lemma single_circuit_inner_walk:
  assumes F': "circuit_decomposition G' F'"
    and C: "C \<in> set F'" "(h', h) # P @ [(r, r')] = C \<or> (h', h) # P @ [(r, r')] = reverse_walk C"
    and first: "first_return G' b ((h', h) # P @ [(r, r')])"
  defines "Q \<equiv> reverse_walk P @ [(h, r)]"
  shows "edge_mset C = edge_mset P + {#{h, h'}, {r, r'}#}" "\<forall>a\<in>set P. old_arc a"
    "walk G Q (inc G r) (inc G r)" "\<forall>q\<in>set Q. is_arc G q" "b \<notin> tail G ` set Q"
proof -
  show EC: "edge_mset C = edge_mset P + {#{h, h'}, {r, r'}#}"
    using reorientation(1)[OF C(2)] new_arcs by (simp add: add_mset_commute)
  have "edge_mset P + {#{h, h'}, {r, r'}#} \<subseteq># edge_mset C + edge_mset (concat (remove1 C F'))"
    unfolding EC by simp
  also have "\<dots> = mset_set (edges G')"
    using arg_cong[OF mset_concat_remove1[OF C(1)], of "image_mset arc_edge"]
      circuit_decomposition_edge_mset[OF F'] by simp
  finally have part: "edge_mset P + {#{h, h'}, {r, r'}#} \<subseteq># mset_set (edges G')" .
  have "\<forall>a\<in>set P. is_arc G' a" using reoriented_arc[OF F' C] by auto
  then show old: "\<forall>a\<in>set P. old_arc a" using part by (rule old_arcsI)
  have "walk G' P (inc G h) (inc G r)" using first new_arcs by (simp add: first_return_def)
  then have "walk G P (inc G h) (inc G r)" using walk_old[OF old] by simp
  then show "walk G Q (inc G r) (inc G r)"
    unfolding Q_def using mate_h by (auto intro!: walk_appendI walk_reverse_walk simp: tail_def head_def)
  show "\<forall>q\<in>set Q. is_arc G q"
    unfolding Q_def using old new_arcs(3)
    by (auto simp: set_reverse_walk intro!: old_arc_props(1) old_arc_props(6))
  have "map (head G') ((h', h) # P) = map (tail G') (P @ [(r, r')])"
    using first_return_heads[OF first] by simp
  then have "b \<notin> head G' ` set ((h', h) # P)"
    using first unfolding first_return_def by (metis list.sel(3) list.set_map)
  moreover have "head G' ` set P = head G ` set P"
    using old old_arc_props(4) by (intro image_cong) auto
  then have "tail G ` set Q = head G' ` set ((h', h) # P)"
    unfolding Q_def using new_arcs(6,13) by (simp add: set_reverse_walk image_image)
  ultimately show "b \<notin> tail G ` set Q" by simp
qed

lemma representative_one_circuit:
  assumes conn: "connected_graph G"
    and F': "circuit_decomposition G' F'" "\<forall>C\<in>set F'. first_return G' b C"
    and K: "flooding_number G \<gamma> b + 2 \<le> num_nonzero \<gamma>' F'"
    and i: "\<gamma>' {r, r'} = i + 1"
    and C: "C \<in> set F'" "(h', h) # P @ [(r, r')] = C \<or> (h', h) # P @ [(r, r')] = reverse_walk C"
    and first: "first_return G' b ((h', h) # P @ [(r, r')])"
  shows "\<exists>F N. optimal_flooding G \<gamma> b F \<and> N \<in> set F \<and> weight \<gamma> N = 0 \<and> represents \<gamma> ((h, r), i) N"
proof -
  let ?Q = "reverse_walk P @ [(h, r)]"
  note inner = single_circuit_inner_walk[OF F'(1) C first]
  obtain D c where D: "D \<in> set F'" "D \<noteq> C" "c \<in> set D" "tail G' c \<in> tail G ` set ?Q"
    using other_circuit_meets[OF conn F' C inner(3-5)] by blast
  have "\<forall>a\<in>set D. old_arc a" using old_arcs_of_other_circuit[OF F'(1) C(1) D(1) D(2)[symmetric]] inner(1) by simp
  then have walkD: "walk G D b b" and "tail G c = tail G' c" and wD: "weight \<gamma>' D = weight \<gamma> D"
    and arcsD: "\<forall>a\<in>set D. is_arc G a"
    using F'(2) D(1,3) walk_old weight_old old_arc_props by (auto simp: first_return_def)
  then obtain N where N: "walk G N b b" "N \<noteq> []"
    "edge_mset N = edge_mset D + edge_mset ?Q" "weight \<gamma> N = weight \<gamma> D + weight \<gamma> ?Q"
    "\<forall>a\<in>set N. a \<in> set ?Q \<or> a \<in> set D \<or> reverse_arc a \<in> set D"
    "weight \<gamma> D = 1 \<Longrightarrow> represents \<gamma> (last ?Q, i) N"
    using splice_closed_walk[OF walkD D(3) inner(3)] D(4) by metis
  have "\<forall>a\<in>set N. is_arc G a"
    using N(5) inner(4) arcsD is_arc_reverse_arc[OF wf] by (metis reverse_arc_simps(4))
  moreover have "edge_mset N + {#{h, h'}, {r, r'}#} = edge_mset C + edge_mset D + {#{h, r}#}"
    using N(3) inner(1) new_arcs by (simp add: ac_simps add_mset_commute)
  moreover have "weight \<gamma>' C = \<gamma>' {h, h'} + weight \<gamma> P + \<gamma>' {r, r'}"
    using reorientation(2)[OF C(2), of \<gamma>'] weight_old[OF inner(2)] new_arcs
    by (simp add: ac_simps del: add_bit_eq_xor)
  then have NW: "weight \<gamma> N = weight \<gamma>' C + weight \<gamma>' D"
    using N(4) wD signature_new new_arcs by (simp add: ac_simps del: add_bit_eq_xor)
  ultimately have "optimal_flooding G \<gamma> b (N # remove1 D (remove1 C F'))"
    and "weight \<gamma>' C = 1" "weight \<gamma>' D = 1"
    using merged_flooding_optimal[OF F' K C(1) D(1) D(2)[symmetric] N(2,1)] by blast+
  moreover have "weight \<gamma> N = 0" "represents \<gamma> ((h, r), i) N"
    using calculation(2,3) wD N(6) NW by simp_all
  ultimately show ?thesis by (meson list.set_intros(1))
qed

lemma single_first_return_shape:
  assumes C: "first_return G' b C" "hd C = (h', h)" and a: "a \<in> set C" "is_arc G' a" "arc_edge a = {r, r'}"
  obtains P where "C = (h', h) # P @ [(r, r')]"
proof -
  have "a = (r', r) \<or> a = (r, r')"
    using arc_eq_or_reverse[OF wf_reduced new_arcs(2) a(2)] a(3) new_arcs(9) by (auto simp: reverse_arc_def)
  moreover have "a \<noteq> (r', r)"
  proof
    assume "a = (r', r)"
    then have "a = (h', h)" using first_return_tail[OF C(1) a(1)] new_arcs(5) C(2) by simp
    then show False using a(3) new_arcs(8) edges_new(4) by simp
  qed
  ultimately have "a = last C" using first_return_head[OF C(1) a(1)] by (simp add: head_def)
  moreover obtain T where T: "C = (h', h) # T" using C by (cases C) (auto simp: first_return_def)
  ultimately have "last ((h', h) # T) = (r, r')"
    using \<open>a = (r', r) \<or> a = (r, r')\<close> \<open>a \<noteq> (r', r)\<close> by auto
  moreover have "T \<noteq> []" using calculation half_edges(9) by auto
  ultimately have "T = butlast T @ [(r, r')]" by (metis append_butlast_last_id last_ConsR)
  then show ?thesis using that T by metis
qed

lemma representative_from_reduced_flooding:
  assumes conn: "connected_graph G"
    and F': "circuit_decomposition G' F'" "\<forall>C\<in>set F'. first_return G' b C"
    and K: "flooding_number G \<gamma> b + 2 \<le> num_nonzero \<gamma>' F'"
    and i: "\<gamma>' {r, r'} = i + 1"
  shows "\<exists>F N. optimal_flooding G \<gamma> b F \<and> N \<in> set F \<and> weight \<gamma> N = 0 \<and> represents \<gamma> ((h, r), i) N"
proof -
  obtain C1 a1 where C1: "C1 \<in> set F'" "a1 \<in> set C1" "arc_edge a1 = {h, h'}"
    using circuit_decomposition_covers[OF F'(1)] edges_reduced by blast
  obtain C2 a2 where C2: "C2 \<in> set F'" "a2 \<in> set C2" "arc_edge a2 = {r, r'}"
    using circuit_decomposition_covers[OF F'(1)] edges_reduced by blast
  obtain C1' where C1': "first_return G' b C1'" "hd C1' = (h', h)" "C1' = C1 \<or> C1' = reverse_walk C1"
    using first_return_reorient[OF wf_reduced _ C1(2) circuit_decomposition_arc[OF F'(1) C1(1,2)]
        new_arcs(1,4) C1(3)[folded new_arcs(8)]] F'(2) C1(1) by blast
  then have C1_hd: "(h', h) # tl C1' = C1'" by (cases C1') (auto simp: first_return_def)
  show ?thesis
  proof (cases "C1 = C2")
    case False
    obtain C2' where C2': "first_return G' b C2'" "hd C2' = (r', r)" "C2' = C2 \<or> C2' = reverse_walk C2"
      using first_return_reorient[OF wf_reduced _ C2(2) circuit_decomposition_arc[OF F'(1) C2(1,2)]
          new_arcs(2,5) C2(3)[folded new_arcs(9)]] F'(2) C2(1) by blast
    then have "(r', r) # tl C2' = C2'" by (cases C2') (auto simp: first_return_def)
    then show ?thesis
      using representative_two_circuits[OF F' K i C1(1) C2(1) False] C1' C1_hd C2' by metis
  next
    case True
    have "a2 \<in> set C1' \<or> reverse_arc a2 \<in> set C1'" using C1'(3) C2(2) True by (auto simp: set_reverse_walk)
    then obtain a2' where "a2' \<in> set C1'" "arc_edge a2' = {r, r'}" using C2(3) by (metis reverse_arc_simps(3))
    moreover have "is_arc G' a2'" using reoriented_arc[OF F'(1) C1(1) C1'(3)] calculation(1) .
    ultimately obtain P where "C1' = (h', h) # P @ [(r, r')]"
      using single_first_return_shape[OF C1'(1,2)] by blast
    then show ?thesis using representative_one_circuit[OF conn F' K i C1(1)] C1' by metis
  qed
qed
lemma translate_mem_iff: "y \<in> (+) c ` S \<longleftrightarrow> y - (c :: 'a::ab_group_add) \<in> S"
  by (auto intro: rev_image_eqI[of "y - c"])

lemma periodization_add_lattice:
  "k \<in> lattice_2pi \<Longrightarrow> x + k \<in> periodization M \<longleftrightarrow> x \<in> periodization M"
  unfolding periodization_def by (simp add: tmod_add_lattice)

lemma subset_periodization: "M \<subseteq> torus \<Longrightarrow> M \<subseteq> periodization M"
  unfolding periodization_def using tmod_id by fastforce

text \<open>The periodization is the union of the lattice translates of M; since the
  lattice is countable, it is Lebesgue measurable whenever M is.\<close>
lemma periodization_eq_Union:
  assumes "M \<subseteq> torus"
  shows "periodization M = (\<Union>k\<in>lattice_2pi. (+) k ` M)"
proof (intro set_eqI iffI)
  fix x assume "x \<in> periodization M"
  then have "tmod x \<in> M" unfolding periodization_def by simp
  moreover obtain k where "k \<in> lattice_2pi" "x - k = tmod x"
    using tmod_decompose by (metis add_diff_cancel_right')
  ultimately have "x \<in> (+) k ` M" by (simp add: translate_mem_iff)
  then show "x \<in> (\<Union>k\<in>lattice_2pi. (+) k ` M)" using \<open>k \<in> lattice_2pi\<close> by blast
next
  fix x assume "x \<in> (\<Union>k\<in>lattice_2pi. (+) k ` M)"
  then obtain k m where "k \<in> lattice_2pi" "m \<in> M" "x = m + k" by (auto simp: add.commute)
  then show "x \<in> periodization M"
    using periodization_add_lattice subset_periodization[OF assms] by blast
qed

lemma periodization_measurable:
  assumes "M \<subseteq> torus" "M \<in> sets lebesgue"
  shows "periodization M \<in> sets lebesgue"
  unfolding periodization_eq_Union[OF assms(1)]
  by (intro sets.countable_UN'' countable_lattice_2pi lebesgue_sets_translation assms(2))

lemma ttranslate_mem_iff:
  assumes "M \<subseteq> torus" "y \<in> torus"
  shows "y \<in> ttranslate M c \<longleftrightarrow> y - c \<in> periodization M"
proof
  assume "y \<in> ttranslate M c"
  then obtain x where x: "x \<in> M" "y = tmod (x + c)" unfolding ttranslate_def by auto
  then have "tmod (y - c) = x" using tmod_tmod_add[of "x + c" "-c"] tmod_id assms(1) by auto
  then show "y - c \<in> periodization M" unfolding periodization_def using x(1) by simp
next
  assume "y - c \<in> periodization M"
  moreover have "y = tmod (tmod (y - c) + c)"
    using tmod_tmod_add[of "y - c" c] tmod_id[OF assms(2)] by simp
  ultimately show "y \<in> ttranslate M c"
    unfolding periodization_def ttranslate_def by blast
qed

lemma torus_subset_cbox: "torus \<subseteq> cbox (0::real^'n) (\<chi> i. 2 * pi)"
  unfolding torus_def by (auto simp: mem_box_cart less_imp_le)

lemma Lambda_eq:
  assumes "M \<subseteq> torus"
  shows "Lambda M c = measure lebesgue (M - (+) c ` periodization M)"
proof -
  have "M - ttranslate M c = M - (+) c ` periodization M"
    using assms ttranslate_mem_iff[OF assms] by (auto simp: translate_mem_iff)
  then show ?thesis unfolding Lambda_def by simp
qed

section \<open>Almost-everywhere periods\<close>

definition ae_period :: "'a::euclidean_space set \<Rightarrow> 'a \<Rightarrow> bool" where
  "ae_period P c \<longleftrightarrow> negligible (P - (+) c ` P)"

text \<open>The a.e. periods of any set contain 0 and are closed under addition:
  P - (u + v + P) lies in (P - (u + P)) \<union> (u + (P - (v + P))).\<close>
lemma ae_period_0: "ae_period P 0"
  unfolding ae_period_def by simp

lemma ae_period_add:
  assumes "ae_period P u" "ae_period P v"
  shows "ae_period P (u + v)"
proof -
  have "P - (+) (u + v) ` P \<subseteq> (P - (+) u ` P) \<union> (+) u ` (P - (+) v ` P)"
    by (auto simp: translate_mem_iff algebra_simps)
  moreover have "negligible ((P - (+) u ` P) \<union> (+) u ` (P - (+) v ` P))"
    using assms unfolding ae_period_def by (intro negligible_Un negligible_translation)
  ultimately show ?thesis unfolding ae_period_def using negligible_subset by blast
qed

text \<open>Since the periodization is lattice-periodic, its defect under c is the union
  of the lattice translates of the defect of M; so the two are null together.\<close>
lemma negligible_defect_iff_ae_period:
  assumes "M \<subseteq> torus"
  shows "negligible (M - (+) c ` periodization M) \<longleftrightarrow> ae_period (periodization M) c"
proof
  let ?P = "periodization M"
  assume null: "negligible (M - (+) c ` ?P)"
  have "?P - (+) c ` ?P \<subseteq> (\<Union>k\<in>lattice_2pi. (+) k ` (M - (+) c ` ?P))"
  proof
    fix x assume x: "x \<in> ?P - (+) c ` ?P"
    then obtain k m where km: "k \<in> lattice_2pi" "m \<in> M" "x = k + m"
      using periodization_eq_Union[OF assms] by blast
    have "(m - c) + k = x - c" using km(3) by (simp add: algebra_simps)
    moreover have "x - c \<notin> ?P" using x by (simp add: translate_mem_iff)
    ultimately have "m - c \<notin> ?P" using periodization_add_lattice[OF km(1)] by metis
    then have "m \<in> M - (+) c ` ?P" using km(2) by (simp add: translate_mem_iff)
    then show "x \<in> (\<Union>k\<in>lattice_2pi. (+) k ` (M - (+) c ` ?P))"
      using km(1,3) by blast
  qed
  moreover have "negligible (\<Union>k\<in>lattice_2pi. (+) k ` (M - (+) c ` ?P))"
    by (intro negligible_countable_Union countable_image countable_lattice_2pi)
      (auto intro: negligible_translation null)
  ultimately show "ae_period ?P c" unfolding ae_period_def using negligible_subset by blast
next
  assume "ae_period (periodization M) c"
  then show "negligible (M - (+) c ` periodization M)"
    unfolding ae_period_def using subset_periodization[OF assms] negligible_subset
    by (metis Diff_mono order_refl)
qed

#### What to produce:
From the records above, give again exactly the lines running from the line with "inner(1) by simp" to the line with "c = tail G'", inclusive.

#### Expected answer:
  have "\<forall>a\<in>set D. old_arc a" using old_arcs_of_other_circuit[OF F'(1) C(1) D(1) D(2)[symmetric]] inner(1) by simp
  then have walkD: "walk G D b b" and "tail G c = tail G' c" and wD: "weight \<gamma>' D = weight \<gamma> D"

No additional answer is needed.